Still, there was no guarantee that my cunning plan would pay off. Certain of Peregrine Sands’ switches might be tripped by a good old spanking scene, but I didn’t know that his critical faculties would follow suit, and we had some stiff competition out there.
I watched the stiff competition parade across the stage in sequence, including Denny and Roger and our guys singing ‘Brush Up Your Shakespeare’. I had chosen not to perform tonight.
Finally, the last spangle-clad butt waggled offstage and we all waited, breath bated, for the master of ceremonies to make his grand entrance.
I could never quite decide whether or not I fancied him. He was attractive in a pale, wasted sort of way. There was a languor about him that I think he affected in order to disguise his venomous core.
He took to the stage, commanding it without doing anything at all – an enviable talent – and stood at the lectern, waiting for pin-drop hush before launching into a lecture.
His words of appreciation on the subject of am-dram were pithy and scintillating and I felt quite touched that he didn’t save his best lines for the professionals and give us some of his second-rate stuff.
A couple of times, he glanced towards me, eyes flashing like silver blades, piercing my abdomen and spreading a pool of warmth inside.
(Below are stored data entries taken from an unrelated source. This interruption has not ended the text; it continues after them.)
lemma integral_weighted_normalized_pair_counts_squared_le:
  fixes n :: nat and \<alpha> :: "nat \<Rightarrow> real"
  assumes p_nonneg: "\<And>m. m < M \<Longrightarrow> p m \<ge> 0" and p_sum: "(\<Sum>m<M. p m) = 1"
    and "z > 0" and z_le: "\<And>m. m < M \<Longrightarrow> z \<le> real n * p m" and "n \<ge> 2"
  shows "measure_pmf.expectation (multinomial_pmf n M p)
           (\<lambda>N. (\<Sum>m<M. \<alpha> m * normalized_pair_count n (p m) (N m))\<^sup>2)
         \<le> (4 / z + 4 / z\<^sup>2) * Max ((\<lambda>m. \<bar>\<alpha> m\<bar>) ` {..<M}) * (\<Sum>m<M. \<bar>\<alpha> m\<bar>)"
proof -
  define x where "x = real n"
  define K where "K = 4 / z + 4 / z\<^sup>2"
  define A where "A = Max ((\<lambda>m. \<bar>\<alpha> m\<bar>) ` {..<M})"
  have "x \<ge> 2" using \<open>n \<ge> 2\<close> by (simp add: x_def)
  have p_pos: "p m > 0" if "m < M" for m
  proof -
    have "real n * p m > 0"
      using z_le[OF that] \<open>z > 0\<close> by linarith
    then show ?thesis
      by (simp add: zero_less_mult_iff)
  qed
  have "(4 * x - 6) / (x * (x - 1)) * (\<Sum>m<M. \<alpha> m)\<^sup>2 \<ge> 0"
    using \<open>x \<ge> 2\<close> by simp
  then have "measure_pmf.expectation (multinomial_pmf n M p)
           (\<lambda>N. (\<Sum>m<M. \<alpha> m * normalized_pair_count n (p m) (N m))\<^sup>2)
      \<le> (\<Sum>m<M. (\<alpha> m)\<^sup>2 * (4 * (x - 2) / (x * (x - 1) * p m) + 2 / (x * (x - 1) * (p m)\<^sup>2)))"
    by (simp only: integral_weighted_normalized_pair_counts_squared[OF p_pos p_sum \<open>n \<ge> 2\<close>]
        flip: x_def)
  also have "\<dots> \<le> (\<Sum>m<M. K * A * \<bar>\<alpha> m\<bar>)"
  proof (rule sum_mono)
    fix m assume "m \<in> {..<M}"
    then have "\<bar>\<alpha> m\<bar> \<le> A" by (simp add: A_def)
    have "(\<alpha> m)\<^sup>2 * (4 * (x - 2) / (x * (x - 1) * p m) + 2 / (x * (x - 1) * (p m)\<^sup>2)) \<le> (\<alpha> m)\<^sup>2 * K"
      unfolding K_def using \<open>m \<in> {..<M}\<close> \<open>x \<ge> 2\<close> \<open>z > 0\<close> z_le
      by (intro mult_left_mono pair_count_variance_le) (auto simp: x_def)
    also have "\<dots> = K * \<bar>\<alpha> m\<bar> * \<bar>\<alpha> m\<bar>"
      by (simp add: power2_eq_square)
    also have "\<dots> \<le> K * A * \<bar>\<alpha> m\<bar>"
      using \<open>\<bar>\<alpha> m\<bar> \<le> A\<close> \<open>z > 0\<close> by (intro mult_right_mono mult_left_mono) (auto simp: K_def)
    finally show "(\<alpha> m)\<^sup>2 * (4 * (x - 2) / (x * (x - 1) * p m) + 2 / (x * (x - 1) * (p m)\<^sup>2))
        \<le> K * A * \<bar>\<alpha> m\<bar>" .
  qed
  finally show ?thesis
    by (simp add: K_def A_def sum_distrib_left)
qed

lemma prob_weighted_normalized_pair_counts_deviation_le:
  fixes n :: nat and \<alpha> :: "nat \<Rightarrow> real"
  assumes p_nonneg: "\<And>m. m < M \<Longrightarrow> p m \<ge> 0" and p_sum: "(\<Sum>m<M. p m) = 1"
    and "z > 0" and "\<And>m. m < M \<Longrightarrow> z \<le> real n * p m" and "n \<ge> 2"
    and "\<epsilon> > 0" and "(\<Sum>m<M. \<bar>\<alpha> m\<bar>) \<le> B"
  shows "measure_pmf.prob (multinomial_pmf n M p)
           {N. \<epsilon> < \<bar>\<Sum>m<M. \<alpha> m * normalized_pair_count n (p m) (N m)\<bar>}
         \<le> Max ((\<lambda>m. \<bar>\<alpha> m\<bar>) ` {..<M}) * ((4 / z + 4 / z\<^sup>2) * B / \<epsilon>\<^sup>2)"
proof -
  let ?S = "\<lambda>N. \<Sum>m<M. \<alpha> m * normalized_pair_count n (p m) (N m)"
  let ?P = "multinomial_pmf n M p"
  define A where "A = Max ((\<lambda>m. \<bar>\<alpha> m\<bar>) ` {..<M})"
  have "M \<noteq> 0"
    using p_sum by (intro notI) simp
  then have "A \<ge> 0"
    unfolding A_def by (intro order_trans[OF abs_ge_zero Max_ge]) auto
  have "measure_pmf.prob ?P {N. \<epsilon> < \<bar>?S N\<bar>} \<le> measure_pmf.prob ?P {N \<in> space ?P. \<epsilon> \<le> \<bar>?S N\<bar>}"
    by (intro measure_pmf.finite_measure_mono) auto
  also have "\<dots> \<le> measure_pmf.expectation ?P (\<lambda>N. (?S N)\<^sup>2) / \<epsilon>\<^sup>2"
    using \<open>\<epsilon> > 0\<close> finite_set_pmf_multinomial_pmf[OF p_nonneg p_sum]
    by (intro measure_pmf.second_moment_method) (auto intro: integrable_measure_pmf_finite)
  also have "\<dots> \<le> (4 / z + 4 / z\<^sup>2) * A * (\<Sum>m<M. \<bar>\<alpha> m\<bar>) / \<epsilon>\<^sup>2"
    using integral_weighted_normalized_pair_counts_squared_le[OF assms(1-5)]
    by (intro divide_right_mono) (auto simp: A_def)
  also have "\<dots> \<le> (4 / z + 4 / z\<^sup>2) * A * B / \<epsilon>\<^sup>2"
    using assms \<open>A \<ge> 0\<close> by (intro divide_right_mono mult_left_mono) auto
  also have "\<dots> = A * ((4 / z + 4 / z\<^sup>2) * B / \<epsilon>\<^sup>2)"
    by (simp add: algebra_simps)
  finally show ?thesis
    by (simp only: A_def)
qed
(* For $r\ge1$ let $H_r$ be the graph with vertex set $\{t_1,\ldots,t_{2r}\}$ and edge set $\{\{t_i,t_{r+i}\}: 1\le i\le r\}$. Then: (a) the graph $\mathcal{H}_r$ of $I_c(H_r)$ is a bipartite $r$-regular graph with $2^r$ vertices and $r2^{r-1}$ edges; (b) if $G$ is an unmixed bipartite graph without isolated vertices and $r=\alpha_0(G)$, then (after labeling the vertices suitably as $t_1,\dots,t_{2r}$) $G$ has the perfect matching $\{\{t_i,t_{r+i}\}\}_{i=1}^r$, and the graph $\mathcal{G}$ of $I_c(G)$ is a subgraph of $\mathcal{H}_r$. In particular $\mathcal{G}$ is bipartite.
   Context: A graph is unmixed if all its minimal vertex covers (inclusion-minimal vertex sets meeting every edge) have the same size; $\alpha_0$ is the minimum size of a vertex cover. For an unmixed graph with minimal vertex covers $C_1,\ldots,C_m$, the graph of its ideal of covers $I_c$ has vertex set $\{C_1,\ldots,C_m\}$ and $\{C_i,C_j\}$ ($i\neq j$) is an edge iff $|C_i\cup C_j|=|C_i|+1$. *)

theory Defs
  imports Main
begin

definition simple_graph :: "'a set \<Rightarrow> 'a set set \<Rightarrow> bool" where
  "simple_graph V E \<longleftrightarrow> finite V \<and> (\<forall>e\<in>E. e \<subseteq> V \<and> card e = 2)"

definition vertex_cover :: "'a set \<Rightarrow> 'a set set \<Rightarrow> 'a set \<Rightarrow> bool" where
  "vertex_cover V E C \<longleftrightarrow> C \<subseteq> V \<and> (\<forall>e\<in>E. e \<inter> C \<noteq> {})"
lemma mp_projector_annihilates:
  assumes W: "A\<^sup>H ** A ** W = mat 1" and CD: "C ** D = 0"
  shows "D ** mp_inverse (A ** D) ** A ** W ** C\<^sup>H = 0"
proof -
  have "(A ** D)\<^sup>H ** A ** W ** C\<^sup>H = D\<^sup>H ** (A\<^sup>H ** A ** W) ** C\<^sup>H"
    by (simp add: conj_transpose_mult matrix_mul_assoc)
  also have "\<dots> = (C ** D)\<^sup>H"
    using W by (simp add: conj_transpose_mult)
  finally have "(A ** D)\<^sup>H ** A ** W ** C\<^sup>H = 0"
    using CD by simp
  moreover have "D ** mp_inverse (A ** D) ** A ** W ** C\<^sup>H =
      D ** mp_inverse (A ** D) ** (mp_inverse (A ** D))\<^sup>H ** ((A ** D)\<^sup>H ** A ** W ** C\<^sup>H)"
    by (subst mp_inverse_eq_factor) (simp add: matrix_mul_assoc)
  ultimately show ?thesis
    by simp
qed

lemma mp_projector_eq_weighted:
  fixes A :: "complex^'n^'m" and C :: "complex^'n^'k" and D :: "complex^'p^'n"
  assumes inj: "\<And>x. A *v x = 0 \<Longrightarrow> x = 0"
    and D: "mrange D = mnull C"
    and W: "A\<^sup>H ** A ** W = mat 1"
    and S: "invertible (C ** W ** C\<^sup>H)"
  shows "D ** mp_inverse (A ** D) ** A =
           mat 1 - W ** C\<^sup>H ** matrix_inv (C ** W ** C\<^sup>H) ** C"
    (is "?E = mat 1 - ?F")
proof -
  have "?E *v ((mat 1 - ?F) *v x) = (mat 1 - ?F) *v x" for x
  proof -
    have "C *v ((mat 1 - ?F) *v x) = 0"
      using weighted_projector_left[OF S]
      by (simp add: matrix_vector_mul_assoc matrix_diff_ldistrib)
    then obtain w where "(mat 1 - ?F) *v x = D *v w"
      using D by (auto simp: mnull_def mrange_def)
    then show ?thesis
      using mp_projector_fixes_range[OF inj] by simp
  qed
  then have fixes_complement: "?E ** (mat 1 - ?F) = mat 1 - ?F"
    by (simp add: matrix_eq matrix_vector_mul_assoc)
  have "C ** D = 0"
    using D by (auto simp: matrix_eq mnull_def mrange_def simp flip: matrix_vector_mul_assoc)
  then have annihilates: "?E ** ?F = 0"
    by (simp add: mp_projector_annihilates[OF W] matrix_mul_assoc)
  have "?E = ?E ** ((mat 1 - ?F) + ?F)"
    by simp
  also have "\<dots> = mat 1 - ?F"
    unfolding matrix_add_ldistrib fixes_complement annihilates by simp
  finally show ?thesis .
qed

lemma invertible_weighted_gram:
  fixes A1 :: "complex^'n^'m" and A2 :: "complex^'n^'k"
  assumes inj1: "\<And>x. A1 *v x = 0 \<Longrightarrow> x = 0"
    and inj2: "\<And>y. A2\<^sup>H *v y = 0 \<Longrightarrow> y = 0"
  shows "invertible (A2 ** matrix_inv (A1\<^sup>H ** A1) ** A2\<^sup>H)"
proof -
  define G where "G = A1\<^sup>H ** A1"
  have G: "invertible G"
    unfolding G_def using inj1 by (rule invertible_gram)
  have GH: "(matrix_inv G)\<^sup>H = matrix_inv G"
    using G by (rule conj_transpose_matrix_inv_hermitian) (simp add: G_def conj_transpose_mult)
  define Y where "Y = A1 ** matrix_inv G ** A2\<^sup>H"
  have "Y\<^sup>H ** Y = (matrix_inv G ** A2\<^sup>H)\<^sup>H ** G ** (matrix_inv G ** A2\<^sup>H)"
    unfolding Y_def G_def by (simp add: conj_transpose_mult matrix_mul_assoc)
  also have "\<dots> = A2 ** matrix_inv G ** (G ** matrix_inv G) ** A2\<^sup>H"
    by (simp add: conj_transpose_mult GH matrix_mul_assoc)
  finally have gram: "Y\<^sup>H ** Y = A2 ** matrix_inv G ** A2\<^sup>H"
    by (simp add: invertible_matrix_inv(1)[OF G])
  have "y = 0" if "Y *v y = 0" for y
  proof -
    have "matrix_inv G *v (A2\<^sup>H *v y) = 0"
      using that by (intro inj1) (simp add: Y_def matrix_vector_mul_assoc matrix_mul_assoc)
    then have "A2\<^sup>H *v y = 0"
      by (metis invertible_matrix_inv(1)[OF G] matrix_vector_mul_assoc matrix_vector_mul_lid
          matrix_vector_mult_0_right)
    then show ?thesis
      by (rule inj2)
  qed
  then show ?thesis
    using invertible_gram[of Y] by (simp add: gram G_def)
qed

theorem corollary3:
  fixes A1 :: "complex^'n^'m" and b1 :: "complex^'m"
    and A2 :: "complex^'n^'k" and b2 :: "complex^'k"
    and D2 :: "complex^'p^'n"
  assumes rankA2: "rank A2 = CARD('k)"
    and D2: "mrange D2 = mnull A2"
    and rankA1: "rank A1 = CARD('n)"
  shows "D2 ** mp_inverse (A1 ** D2) ** A1 =
           oblique_proj (mnull A2)
             ((\<lambda>x. matrix_inv (conj_transpose A1 ** A1) *v x) ` mrange (conj_transpose A2))
       \<and> {D2 ** mp_inverse (A1 ** D2) ** A1 ** mp_inverse A1 *v b1
            + (mat 1 - D2 ** mp_inverse (A1 ** D2) ** A1) *v (mp_inverse A2 *v b2 + z) | z.
            z \<in> mnull A2}
         = {mp_inverse A1 *v b1
            + (matrix_inv (conj_transpose A1 ** A1) ** conj_transpose A2
               ** matrix_inv (A2 ** matrix_inv (conj_transpose A1 ** A1) ** conj_transpose A2))
              *v (b2 - A2 *v (mp_inverse A1 *v b1))}"
proof -
  define W where "W = matrix_inv (A1\<^sup>H ** A1)"
  define K where "K = W ** A2\<^sup>H ** matrix_inv (A2 ** W ** A2\<^sup>H)"
  have inj1: "\<And>x. A1 *v x = 0 \<Longrightarrow> x = 0"
    using full_column_rank_injective[OF rankA1] .
  obtain B2 where B2: "A2 ** B2 = mat 1"
    using full_row_rank_right_invertible[OF rankA2] ..
  have S: "invertible (A2 ** W ** A2\<^sup>H)"
    unfolding W_def using inj1 conj_transpose_injective_if_right_invertible[OF B2]
    by (rule invertible_weighted_gram)
  have E: "D2 ** mp_inverse (A1 ** D2) ** A1 = mat 1 - K ** A2"
    unfolding K_def W_def
    using mp_projector_eq_weighted[where A=A1 and C=A2 and D=D2, OF inj1 D2
        invertible_matrix_inv(1)[OF invertible_gram[OF inj1]] S[unfolded W_def]]
    by (simp add: matrix_mul_assoc)
  have A2b2: "A2 *v (mp_inverse A2 *v b2) = b2"
    using mp_inverse_mult_eq_1[OF B2] by (simp add: matrix_vector_mul_assoc)
  define c where "c = mp_inverse A1 *v b1 + K *v (b2 - A2 *v (mp_inverse A1 *v b1))"
  have element_eq:
    "(mat 1 - K ** A2) ** mp_inverse A1 *v b1 + K ** A2 *v (mp_inverse A2 *v b2 + z) = c"
    if "z \<in> mnull A2" for z
    using that A2b2
    by (simp add: c_def mnull_def matrix_vector_mult_diff_rdistrib matrix_vector_right_distrib
        matrix_vector_mult_diff_distrib matrix_vector_mul_assoc[symmetric] matrix_mul_assoc)
  have "0 \<in> mnull A2"
    by (simp add: mnull_def)
  then have "{(mat 1 - K ** A2) ** mp_inverse A1 *v b1 + K ** A2 *v (mp_inverse A2 *v b2 + z) | z.
      z \<in> mnull A2} = {c}"
    using element_eq by blast
  then show ?thesis
    using oblique_proj_weighted[OF S] E by (simp add: c_def K_def W_def)
qed

end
By the time he made the announcement, I had decided. I did fancy him. Quite a lot. I especially fancied his voice, which was clipped and authoritative, in the manner of a 1950s Movietone News broadcast. It pleased me that people still talked like that. It pleased me even more to imagine him calling me a very bad girl in those tones.
He didn’t call me a very bad girl, though. He called me a winner.
We had won.
The applause caught me by surprise and for a moment I couldn’t stand up, my knees seeming to
have deserted my legs.
I went up to the stage and stood in his orbit, accepting the statuette and the envelope containing a cheque for ten thousand pounds to put towards our drama club funds. I shook his hand and thanked him profusely and made a silly speech full of names and the word ‘lovely’, but I didn’t once look him full in the face.
Then I was back at my table and he wasn’t there any more.
It had worked. My plan had worked. And I supposed that was that.
Until I looked inside the envelope.
There was more than a cheque in there.
There was a postcard, the twin of the one that had been delivered to my dressing room after the performance.
And in the same handwriting was written a message:
‘Come-uppance time, Ms Reddish. If you want my honest critique of your performance, meet me in the prop room in one hour.’
‘What’s that?’ Leo tried to peek over my shoulder but I returned the card swiftly to the envelope.
‘Nothing, just a compliment slip.’
‘You’re blushing. You never blush. What is it?’
‘Nothing, I’m just flushed with success. That’s all.’
He laughed and put his big hand on my knee.
‘Want to celebrate somewhere more private later?’ he whispered.
‘Leo!’
I was astonished. I had no idea the big lummox of a boy was remotely interested. He was handsome in a fresh-faced farmboy kind of way and a lot of the girls – and some of the boys – were after him, but we had started to assume that he was in the closet.
‘Sorry. Sorry. That was inappropriate,’ he said, withdrawing his hand as if I’d stung him. ‘Too much champagne. Forget it.’
‘Hey, it’s OK,’ I soothed. ‘No harm done. I just didn’t know you cared, that’s all. Thanks. I’m, uh, flattered.’
‘God,’ he groaned. ‘Flattered. That’s the ego-killer, right there.’
‘Oh, for pity’s sake, don’t sulk. Just dust yourself off like a big boy.’
‘You don’t have to patronise me, Callie. I am a grown man.’
‘Some might say overgrown.’
He looked at me with eyes like a hurt cow, then turned back to his champagne glass. Somewhere in the bubbles, the word ‘bitch’ might have been uttered.